Elyssa looked surprised. “Sure.”

“I'll wash up and drive us into town. Buy you lunch?”

“I have to admit,” Elyssa said as they rolled down the county blacktop, “your work has gotten even better since you moved down here. But moving down here permanently? Pete, please. I'm a city girl.” She laughed, but Peter heard a desperate edge to it. “This place is barely on the map.”

“It's quiet.”

“Sure, until some of the local Neanderthals decide to chase a naked girl through our property.”

“Same thing could happen in Chicago.”

“Mmm.”

She had a good point, though it did nothing to cause him to reconsider. That they were both right on their own way was both annoying and frustrating.

“Most of the time here, though—”

She waited, watching him. Finally she sighed in exasperation. “I understand.”

Meaning, he knew, she understood that he could not explain it.

“Why you had to go and buy the place,” she said. “It's not like the owner—Higgins?—was pressuring you to do that. He seemed content with the lease arrangement.”

“We talked about that. He's getting old, wanted to make sure the property passed to someone who'd care for it.”

“He doesn't have any family?”

Peter's grip on the steering wheel tightened. This was old ground, already crossed too many times. He hated
fighting with Elyssa, but she did this when discouraged, retracing steps to see if there was a fork in the path she had overlooked. She wanted him back with her in Chicago, where she seemed to thrive. For him, it was suffocating, especially after his return from Iraq. She kept hoping whatever impulse had driven him out of Chicago, “to the back of beyond” as she called it, would fade and he would come home with her, back to the life they had before.

“I'm worried about the cost, Pete,” she said finally.
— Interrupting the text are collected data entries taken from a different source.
section \<open>Coefficients of Legendre polynomials\<close>

abbreviation legendre_coeff :: "nat \<Rightarrow> nat \<Rightarrow> complex" where
  "legendre_coeff n i \<equiv> coeff (legendre n) i"

lemma legendre_coeff_0: "legendre_coeff 0 i = (if i = 0 then 1 else 0)"
  by (simp add: coeff_1)

lemma legendre_coeff_1: "legendre_coeff (Suc 0) i = (if i = 1 then 1 else 0)"
  by (simp add: coeff_pCons split: nat.split)

lemma legendre_coeff_Suc_Suc_0:
  "legendre_coeff (Suc (Suc n)) 0 = - (of_nat (n + 1) * legendre_coeff n 0) / of_nat (n + 2)"
  by (simp add: field_simps)

lemma legendre_coeff_Suc_Suc_Suc:
  "legendre_coeff (Suc (Suc n)) (Suc i) =
     (of_nat (2 * n + 3) * legendre_coeff (Suc n) i - of_nat (n + 1) * legendre_coeff n (Suc i)) / of_nat (n + 2)"
  by (simp add: field_simps)

text \<open>Coefficient forms of \<open>P\<^sub>n\<^sub>+\<^sub>1' = x P\<^sub>n' + (n + 1) P\<^sub>n\<close> (raise) and
  \<open>x P\<^sub>n\<^sub>+\<^sub>1' - (n + 1) P\<^sub>n\<^sub>+\<^sub>1 = P\<^sub>n'\<close> (lower); the induction step for each needs the other.\<close>
lemma legendre_coeff_raise_Suc:
  assumes lower: "\<And>i. (of_nat i - of_nat n - 1) * legendre_coeff (Suc n) i = of_nat (i + 1) * legendre_coeff n (Suc i)"
  shows "of_nat (i + 1) * legendre_coeff (Suc (Suc n)) (Suc i) = of_nat (Suc n + 1 + i) * legendre_coeff (Suc n) i"
proof -
  have n2: "(of_nat (n + 2) :: complex) \<noteq> 0"
    by (simp only: of_nat_eq_0_iff)
  have "of_nat (n + 2) * (of_nat (i + 1) * legendre_coeff (Suc (Suc n)) (Suc i))
      = of_nat (i + 1) * (of_nat (2 * n + 3) * legendre_coeff (Suc n) i)
        - of_nat (n + 1) * (of_nat (i + 1) * legendre_coeff n (Suc i))"
    using n2 by (simp add: legendre_coeff_Suc_Suc_Suc field_simps)
  also have "\<dots> = of_nat (i + 1) * (of_nat (2 * n + 3) * legendre_coeff (Suc n) i)
        - of_nat (n + 1) * ((of_nat i - of_nat n - 1) * legendre_coeff (Suc n) i)"
    by (simp only: lower)
  also have "\<dots> = of_nat (n + 2) * (of_nat (Suc n + 1 + i) * legendre_coeff (Suc n) i)"
    by (simp add: algebra_simps)
  finally show ?thesis
    using n2 by simp
qed
(* Let $S,Y,Y^*$ be independent random variables. Suppose $S\ge0$ has a distribution with right endpoint equal to $1$. Suppose that $Y$ has a rapidly varying tail, i.e. $\mathbb{P}(Y>u)>0$ for all $u$ and $\lim_{u\to\infty}\mathbb{P}(Y>\lambda u)/\mathbb{P}(Y>u)=0$ for every $\lambda>1$, and that $\mathbb{P}(Y>u)\sim L(u)\mathbb{P}(Y^*>u)$ as $u\to\infty$ for some function $L(\cdot)$ slowly varying at infinity. Then for every $w\in(0,1)$, $$\mathbb{P}(SY>u)\sim\mathbb{P}(SY>u,\,S>w)\sim L(u)\,\mathbb{P}(SY^*>u),\qquad u\to\infty.$$
   Context: $f_1(u)\sim f_2(u)$ means $\lim_{u\to\infty}f_1(u)/f_2(u)=1$. A function $L$ is slowly varying at infinity if $\lim_{u\to\infty}L(ux)/L(u)=1$ for all $x>0$. *)

theory Defs
  imports "HOL-Probability.Probability" "HOL-Library.Landau_Symbols"
begin

definition slowly_varying :: "(real \<Rightarrow> real) \<Rightarrow> bool" where
  "slowly_varying L \<longleftrightarrow> (\<forall>x>0. ((\<lambda>u. L (u * x) / L u) \<longlongrightarrow> 1) at_top)"

definition right_endpoint :: "'a measure \<Rightarrow> ('a \<Rightarrow> real) \<Rightarrow> ereal" where
  "right_endpoint M X = (SUP x\<in>{x. measure M {\<omega>\<in>space M. X \<omega> \<le> x} < 1}. ereal x)"

definition rapidly_varying_tail :: "'a measure \<Rightarrow> ('a \<Rightarrow> real) \<Rightarrow> bool" where
  "rapidly_varying_tail M Y \<longleftrightarrow>
     (\<forall>u. measure M {\<omega>\<in>space M. Y \<omega> > u} > 0) \<and>
     (\<forall>c>1. ((\<lambda>u. measure M {\<omega>\<in>space M. Y \<omega> > c * u} / measure M {\<omega>\<in>space M. Y \<omega> > u})
                 \<longlongrightarrow> 0) at_top)"

end

theory Submission
  imports Defs
begin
That surprised him. She rarely ever spoke of money. “This isn't a cheap move.”

“But you like my new work.”

“Oh, yes! It's never been better, especially your abstracts. But we're going to have to sell a lot of them to make this pay off, and that's hard to do when the artist isn't around to talk to the buyers. That's one reason I came down, to talk to you about the new exhibit.”